The counter works completely anonymous. A random number gets created for
this device, and that randomer number and the devices size will be sent.

http://usage.drbd.org/cgi-bin/insert_usage.pl?nu=18231616900827588600&ru=15113975333795790860&rs=2147483648

Enter ‘no’ to opt out, or just press [return] to continue:
success

- Attach. This step associates the DRBD resource with its backing device:
[root@node1 i386]# modprobe drbd
[root@node1 i386]# drbdadm attach r0

- verify running DRBD:
on node1:
[root@node1 i386]# cat /proc/drbd
version: 8.2.5 (api:88/proto:86-88)
GIT-hash: 9faf052fdae5ef0c61b4d03890e2d2eab550610c build by root@node1.test.lab, 2008-05-23 11:45:23
0: cs:StandAlone st:Secondary/Unknown ds:Inconsistent/Outdated r—
ns:0 nr:0 dw:0 dr:0 al:0 bm:0 lo:0 pe:0 ua:0 ap:0
resync: used:0/31 hits:0 misses:0 starving:0 dirty:0 changed:0
act_log: used:0/127 hits:0 misses:0 starving:0 dirty:0 changed:0

on node2:
[root@node2 i386]# cat /proc/drbd
version: 8.2.5 (api:88/proto:86-88)
GIT-hash: 9faf052fdae5ef0c61b4d03890e2d2eab550610c build by root@node2.test.lab, 2008-05-23 12:58:18
0: cs:StandAlone st:Secondary/Unknown ds:Inconsistent/Outdated r—
ns:0 nr:0 dw:0 dr:0 al:0 bm:0 lo:0 pe:0 ua:0 ap:0
resync: used:0/31 hits:0 misses:0 starving:0 dirty:0 changed:0
act_log: used:0/127 hits:0 misses:0 starving:0 dirty:0 changed:0

- Connect.

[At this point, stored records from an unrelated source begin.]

(* Let $\Pi$ be an LCL problem with constant mending radius, i.e., $\Pi$ is $T$-mendable for some constant function $T$. Then $\Pi$ can be solved in $O(\log^* n)$ rounds in the LOCAL model.
   Context: A locally verifiable problem $\Pi$ on a graph family $\mathcal{G}$ is given by a set $\Sigma$ of input labels, a set $\Gamma$ of output labels and a verifier $\psi$ with verification radius $r$: $\psi(G,\lambda,v)\in\{\text{happy},\text{unhappy}\}$ depends only on the radius-$r$ neighborhood of $v$ (structure, inputs and outputs, up to isomorphism); $\lambda:V\to\Gamma$ is a solution if $\psi$ is happy everywhere. $\Pi$ is an LCL problem if $\Sigma,\Gamma$ are finite and all graphs in $\mathcal{G}$ have maximum degree bounded by a constant. Partial labelings are maps $\lambda:V\to\Gamma\cup\{\bot\}$; the relaxed verifier $\psi^*$ is happy at $v$ if some node within distance $r$ of $v$ has label $\bot$, and otherwise $\psi^*(G,\lambda,v)=\psi(G,\lambda',v)$ for any $\lambda':V\to\Gamma$ agreeing with $\lambda$ on the radius-$r$ neighborhood of $v$; $\psi^*$ accepts $\lambda$ if happy everywhere. Given $\lambda$ accepted by $\psi^*$ and node $v$, a $t$-mend of $\lambda$ at $v$ is a partial labeling $\mu$ accepted by $\psi^*$ with $\mu(v)\neq\bot$, $\mu(u)=\bot\Rightarrow\lambda(u)=\bot$, and $\mu(u)\neq\lambda(u)\Rightarrow\mathrm{dist}(u,v)\le t$. A verifier is $T$-mendable if for every $G\in\mathcal{G}$ with $n$ nodes, every $\lambda$ accepted by $\psi^*$ and every node $v$, a $T(n)$-mend at $v$ exists; $\Pi$ is $T$-mendable if some radius-$r$ verifier for $\Pi$ (accepting exactly the solutions of $\Pi$) is $T$-mendable. LOCAL model: nodes with unique identifiers communicate along edges in synchronous rounds with unbounded messages; the running time is the number of rounds until all nodes output labels forming a valid solution. *)

theory Defs
  imports Complex_Main
begin

type_synonym ('v,'i) igraph = "'v set \<times> ('v \<Rightarrow> 'v \<Rightarrow> bool) \<times> ('v \<Rightarrow> 'i)"

definition verts :: "('v,'i) igraph \<Rightarrow> 'v set" where "verts G = fst G"
definition adj :: "('v,'i) igraph \<Rightarrow> 'v \<Rightarrow> 'v \<Rightarrow> bool" where "adj G = fst (snd G)"
definition inp :: "('v,'i) igraph \<Rightarrow> 'v \<Rightarrow> 'i" where "inp G = snd (snd G)"

definition wf_graph :: "('v,'i) igraph \<Rightarrow> bool" where
  "wf_graph G \<longleftrightarrow> finite (verts G) \<and>
     (\<forall>a b. adj G a b \<longrightarrow> a \<in> verts G \<and> b \<in> verts G \<and> a \<noteq> b \<and> adj G b a)"

definition max_degree_le :: "('v,'i) igraph \<Rightarrow> nat \<Rightarrow> bool" where
  "max_degree_le G \<Delta> \<longleftrightarrow> (\<forall>v\<in>verts G. card {u \<in> verts G. adj G v u} \<le> \<Delta>)"

definition dist_le :: "('v,'i) igraph \<Rightarrow> nat \<Rightarrow> 'v \<Rightarrow> 'v \<Rightarrow> bool" where
  "dist_le G k u w \<longleftrightarrow> (\<exists>j\<le>k. (u, w) \<in> {(a, b). adj G a b} ^^ j)"

definition ball :: "('v,'i) igraph \<Rightarrow> 'v \<Rightarrow> nat \<Rightarrow> 'v set" where
  "ball G v k = {u \<in> verts G. dist_le G k v u}"

definition labeling_in :: "('v,'i) igraph \<Rightarrow> 'o set \<Rightarrow> ('v \<Rightarrow> 'o) \<Rightarrow> bool" where
  "labeling_in G \<Gamma> l \<longleftrightarrow> (\<forall>v\<in>verts G. l v \<in> \<Gamma>)"

definition ball_iso :: "('v,'i) igraph \<Rightarrow> ('v \<Rightarrow> 'o) \<Rightarrow> 'v \<Rightarrow> ('v,'i) igraph \<Rightarrow> ('v \<Rightarrow> 'o) \<Rightarrow> 'v
    \<Rightarrow> nat \<Rightarrow> ('v \<Rightarrow> 'v) \<Rightarrow> bool" where
  "ball_iso G l v G' l' v' r f \<longleftrightarrow>
     bij_betw f (ball G v r) (ball G' v' r) \<and> f v = v' \<and>
     (\<forall>a\<in>ball G v r. \<forall>b\<in>ball G v r. adj G' (f a) (f b) \<longleftrightarrow> adj G a b) \<and>
     (\<forall>a\<in>ball G v r. inp G' (f a) = inp G a \<and> l' (f a) = l a)"

text \<open>A verifier (True = happy) of verification radius r on the family \<G>.\<close>
definition local_verifier :: "('v,'i) igraph set \<Rightarrow> 'o set
    \<Rightarrow> (('v,'i) igraph \<Rightarrow> ('v \<Rightarrow> 'o) \<Rightarrow> 'v \<Rightarrow> bool) \<Rightarrow> nat \<Rightarrow> bool" where
  "local_verifier \<G> \<Gamma> \<psi> r \<longleftrightarrow>
     (\<forall>G\<in>\<G>. \<forall>G'\<in>\<G>. \<forall>l l' v v' f.
        labeling_in G \<Gamma> l \<and> labeling_in G' \<Gamma> l' \<and> v \<in> verts G \<and> v' \<in> verts G' \<and>
        ball_iso G l v G' l' v' r f \<longrightarrow> \<psi> G l v = \<psi> G' l' v')"

definition LCL :: "('v,'i) igraph set \<Rightarrow> 'i set \<Rightarrow> 'o set
    \<Rightarrow> (('v,'i) igraph \<Rightarrow> ('v \<Rightarrow> 'o) \<Rightarrow> 'v \<Rightarrow> bool) \<Rightarrow> nat \<Rightarrow> bool" where
  "LCL \<G> \<Sigma> \<Gamma> \<psi> r \<longleftrightarrow> finite \<Sigma> \<and> finite \<Gamma> \<and>
     (\<forall>G\<in>\<G>. wf_graph G \<and> (\<forall>v\<in>verts G. inp G v \<in> \<Sigma>)) \<and>
     (\<exists>\<Delta>. \<forall>G\<in>\<G>. max_degree_le G \<Delta>) \<and>
     local_verifier \<G> \<Gamma> \<psi> r"

definition is_solution :: "'o set \<Rightarrow> (('v,'i) igraph \<Rightarrow> ('v \<Rightarrow> 'o) \<Rightarrow> 'v \<Rightarrow> bool)
    \<Rightarrow> ('v,'i) igraph \<Rightarrow> ('v \<Rightarrow> 'o) \<Rightarrow> bool" where
  "is_solution \<Gamma> \<psi> G l \<longleftrightarrow> labeling_in G \<Gamma> l \<and> (\<forall>v\<in>verts G. \<psi> G l v)"

definition partial_labeling :: "('v,'i) igraph \<Rightarrow> 'o set \<Rightarrow> ('v \<Rightarrow> 'o option) \<Rightarrow> bool" where
  "partial_labeling G \<Gamma> \<mu> \<longleftrightarrow> (\<forall>v\<in>verts G. \<forall>x. \<mu> v = Some x \<longrightarrow> x \<in> \<Gamma>)"

definition psi_star :: "'o set \<Rightarrow> (('v,'i) igraph \<Rightarrow> ('v \<Rightarrow> 'o) \<Rightarrow> 'v \<Rightarrow> bool) \<Rightarrow> nat
    \<Rightarrow> ('v,'i) igraph \<Rightarrow> ('v \<Rightarrow> 'o option) \<Rightarrow> 'v \<Rightarrow> bool" where
  "psi_star \<Gamma> \<psi> r G \<mu> v \<longleftrightarrow>
     (\<exists>u\<in>ball G v r. \<mu> u = None) \<or>
     (\<forall>l. labeling_in G \<Gamma> l \<and> (\<forall>u\<in>ball G v r. \<mu> u = Some (l u)) \<longrightarrow> \<psi> G l v)"

definition accepts_star :: "'o set \<Rightarrow> (('v,'i) igraph \<Rightarrow> ('v \<Rightarrow> 'o) \<Rightarrow> 'v \<Rightarrow> bool) \<Rightarrow> nat
    \<Rightarrow> ('v,'i) igraph \<Rightarrow> ('v \<Rightarrow> 'o option) \<Rightarrow> bool" where
  "accepts_star \<Gamma> \<psi> r G \<mu> \<longleftrightarrow>
     partial_labeling G \<Gamma> \<mu> \<and> (\<forall>v\<in>verts G. psi_star \<Gamma> \<psi> r G \<mu> v)"

definition is_mend :: "'o set \<Rightarrow> (('v,'i) igraph \<Rightarrow> ('v \<Rightarrow> 'o) \<Rightarrow> 'v \<Rightarrow> bool) \<Rightarrow> nat
    \<Rightarrow> ('v,'i) igraph \<Rightarrow> ('v \<Rightarrow> 'o option) \<Rightarrow> 'v \<Rightarrow> nat \<Rightarrow> ('v \<Rightarrow> 'o option) \<Rightarrow> bool" where
  "is_mend \<Gamma> \<psi> r G lam v t \<mu> \<longleftrightarrow>
     accepts_star \<Gamma> \<psi> r G \<mu> \<and> \<mu> v \<noteq> None \<and>
     (\<forall>u\<in>verts G. \<mu> u = None \<longrightarrow> lam u = None) \<and>
     (\<forall>u\<in>verts G. \<mu> u \<noteq> lam u \<longrightarrow> dist_le G t v u)"

definition mendable :: "('v,'i) igraph set \<Rightarrow> 'o set \<Rightarrow> (('v,'i) igraph \<Rightarrow> ('v \<Rightarrow> 'o) \<Rightarrow> 'v \<Rightarrow> bool)
    \<Rightarrow> nat \<Rightarrow> (nat \<Rightarrow> nat) \<Rightarrow> bool" where
  "mendable \<G> \<Gamma> \<psi> r T \<longleftrightarrow>
     (\<forall>G\<in>\<G>. \<forall>lam. accepts_star \<Gamma> \<psi> r G lam \<longrightarrow>
        (\<forall>v\<in>verts G. \<exists>\<mu>. is_mend \<Gamma> \<psi> r G lam v (T (card (verts G))) \<mu>))"

definition log_star :: "nat \<Rightarrow> nat" where
  "log_star n = (LEAST k. ((\<lambda>x. log 2 x) ^^ k) (real n) \<le> 1)"

text \<open>What a node v knows after gathering its radius-k neighbourhood, named by identifiers:
  n, its own id, ids in the ball, induced edges (as id pairs), inputs (id, input).\<close>
type_synonym 'i view = "nat \<times> nat \<times> nat set \<times> (nat \<times> nat) set \<times> (nat \<times> 'i) set"

definition local_view :: "('v,'i) igraph \<Rightarrow> ('v \<Rightarrow> nat) \<Rightarrow> nat \<Rightarrow> 'v \<Rightarrow> 'i view" where
  "local_view G idf k v =
     (let B = ball G v k in
       (card (verts G), idf v, idf ` B,
        {(idf a, idf b) | a b. a \<in> B \<and> b \<in> B \<and> adj G a b},
        {(idf a, inp G a) | a. a \<in> B}))"

definition valid_ids :: "('v,'i) igraph \<Rightarrow> nat \<Rightarrow> ('v \<Rightarrow> nat) \<Rightarrow> bool" where
  "valid_ids G c idf \<longleftrightarrow> inj_on idf (verts G) \<and>
     (\<forall>v\<in>verts G. 1 \<le> idf v \<and> idf v \<le> card (verts G) ^ c)"

definition LOCAL_solves :: "('v,'i) igraph set \<Rightarrow> 'o set \<Rightarrow> (('v,'i) igraph \<Rightarrow> ('v \<Rightarrow> 'o) \<Rightarrow> 'v \<Rightarrow> bool)
    \<Rightarrow> ('i view \<Rightarrow> 'o) \<Rightarrow> (nat \<Rightarrow> nat) \<Rightarrow> nat \<Rightarrow> bool" where
  "LOCAL_solves \<G> \<Gamma> \<psi> A t c \<longleftrightarrow>
     (\<forall>G\<in>\<G>. \<forall>idf. valid_ids G c idf \<longrightarrow>
        is_solution \<Gamma> \<psi> G (\<lambda>v. A (local_view G idf (t (card (verts G))) v)))"

definition solvable_in_O_log_star :: "('v,'i) igraph set \<Rightarrow> 'o set
    \<Rightarrow> (('v,'i) igraph \<Rightarrow> ('v \<Rightarrow> 'o) \<Rightarrow> 'v \<Rightarrow> bool) \<Rightarrow> bool" where
  "solvable_in_O_log_star \<G> \<Gamma> \<psi> \<longleftrightarrow>
     (\<forall>c::nat. \<exists>(A :: 'i view \<Rightarrow> 'o) (t :: nat \<Rightarrow> nat) (C :: nat).
        (\<forall>n. t n \<le> C * (log_star n + 1)) \<and> LOCAL_solves \<G> \<Gamma> \<psi> A t c)"

end

theory Submission
  imports Defs
begin

text \<open>Since T is constant, nodes can be processed one colour class at a time: if the nodes of
  a class are pairwise more than 2T + 2r apart, each of them replaces the current partial
  labelling on its T-ball by a T-mend, the mends do not interfere, acceptance by \<psi>* is
  preserved and every node of the class becomes labelled. A distance-(2T + 2r + 1) colouring
  with O(1) colours is computed in O(log* n) rounds by Cole-Vishkin colour reduction: each node
  has boundedly many nodes of higher identifier within that distance, the j-th of them serves
  as its parent in the j-th pseudo-forest, every pseudo-forest is coloured with O(1) colours,
  and a node is coloured by the vector of its forest colours. Every quantity computed at a
  node only depends on a neighbourhood of radius proportional to the number of rounds, so the
  outputs are a function of the local views.\<close>

section \<open>Distances and balls\<close>

abbreviation edges :: "('v,'i) igraph \<Rightarrow> ('v \<times> 'v) set" where
  "edges G \<equiv> {(a, b). adj G a b}"

lemma adj_sym: "wf_graph G \<Longrightarrow> adj G a b \<Longrightarrow> adj G b a"
  unfolding wf_graph_def by blast

lemma adj_in_verts: "wf_graph G \<Longrightarrow> adj G a b \<Longrightarrow> a \<in> verts G \<and> b \<in> verts G"
  unfolding wf_graph_def by blast

lemma dist_le_refl [simp]: "dist_le G k u u"
  unfolding dist_le_def by (rule exI[of _ 0]) auto

lemma dist_le_mono: "dist_le G k u w \<Longrightarrow> k \<le> k' \<Longrightarrow> dist_le G k' u w"
  unfolding dist_le_def by (meson order_trans)

lemma dist_le_trans: "dist_le G a u w \<Longrightarrow> dist_le G b w x \<Longrightarrow> dist_le G (a + b) u x"
  unfolding dist_le_def
proof (elim exE conjE)
  fix i j assume "i \<le> a" "(u, w) \<in> edges G ^^ i" "j \<le> b" "(w, x) \<in> edges G ^^ j"
  then show "\<exists>k\<le>a + b. (u, x) \<in> edges G ^^ k"
    by (intro exI[of _ "i + j"]) (auto simp: relpow_add)
qed

lemma relpow_edges_sym:
  assumes "wf_graph G" "(u, w) \<in> edges G ^^ j"
  shows "(w, u) \<in> edges G ^^ j"
  using assms(2)
proof (induction j arbitrary: w)
  case (Suc j)
  from Suc.prems obtain y where "(u, y) \<in> edges G ^^ j" "(y, w) \<in> edges G"
    by (rule relpow_Suc_E)
  then show ?case
    using Suc.IH adj_sym[OF assms(1)] by (blast intro: relpow_Suc_I2)
qed simp

lemma dist_le_sym: "wf_graph G \<Longrightarrow> dist_le G k u w \<Longrightarrow> dist_le G k w u"
  unfolding dist_le_def by (metis relpow_edges_sym)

This step connects the DRBD resource with its counterpart on the peer node:
[root@node1 i386]# drbdadm connect r0
[root@node1 i386]# cat /proc/drbd
version: 8.2.5 (api:88/proto:86-88)
GIT-hash: 9faf052fdae5ef0c61b4d03890e2d2eab550610c build by root@node1.test.lab, 2008-05-23 11:45:23
0: cs:WFConnection st:Secondary/Unknown ds:Inconsistent/Outdated C r—
ns:0 nr:0 dw:0 dr:0 al:0 bm:0 lo:0 pe:0 ua:0 ap:0
resync: used:0/31 hits:0 misses:0 starving:0 dirty:0 changed:0
act_log: used:0/127 hits:0 misses:0 starving:0 dirty:0 changed:0

- initial device synchronization for the first time:
the following step must done just on one node, i used node1:
[root@node1 i386]# drbdadm — –overwrite-data-of-peer primary r0

- verify:

[root@node1 i386]# cat /proc/drbd
version: 8.2.5 (api:88/proto:86-88)
GIT-hash: 9faf052fdae5ef0c61b4d03890e2d2eab550610c build by root@node1.test.lab, 2008-05-23 11:45:23
0: cs:SyncSource st:Primary/Secondary ds:UpToDate/Inconsistent C r—
ns:792 nr:0 dw:0 dr:792 al:0 bm:0 lo:0 pe:0 ua:0 ap:0
[>....................] sync’ed: 0.2% (2096260/2097052)K
finish: 2:11:00 speed: 264 (264) K/sec
resync: used:0/31 hits:395 misses:1 starving:0 dirty:0 changed:1
act_log: used:0/127 hits:0 misses:0 starving:0 dirty:0 changed:0

[root@node2 i386]# cat /proc/drbd
version: 8.2.5 (api:88/proto:86-88)
GIT-hash: 9faf052fdae5ef0c61b4d03890e2d2eab550610c build by root@node2.test.lab, 2008-05-23 12:58:18
0: cs:SyncTarget st:Secondary/Primary ds:Inconsistent/UpToDate C r—
ns:0 nr:1896 dw:1896 dr:0 al:0 bm:0 lo:0 pe:0 ua:0 ap:0
[>....................] sync’ed: 0.2% (2095156/2097052)K
finish: 2:02:12 speed: 268 (268) K/sec
resync: used:0/31 hits:947 misses:1 starving:0 dirty:0 changed:1
act_log: used:0/127 hits:0 misses:0 starving:0 dirty:0 changed:0

By now, our DRBD device is fully operational, even before the initial synchronization has completed. we can now continue to configure GFS…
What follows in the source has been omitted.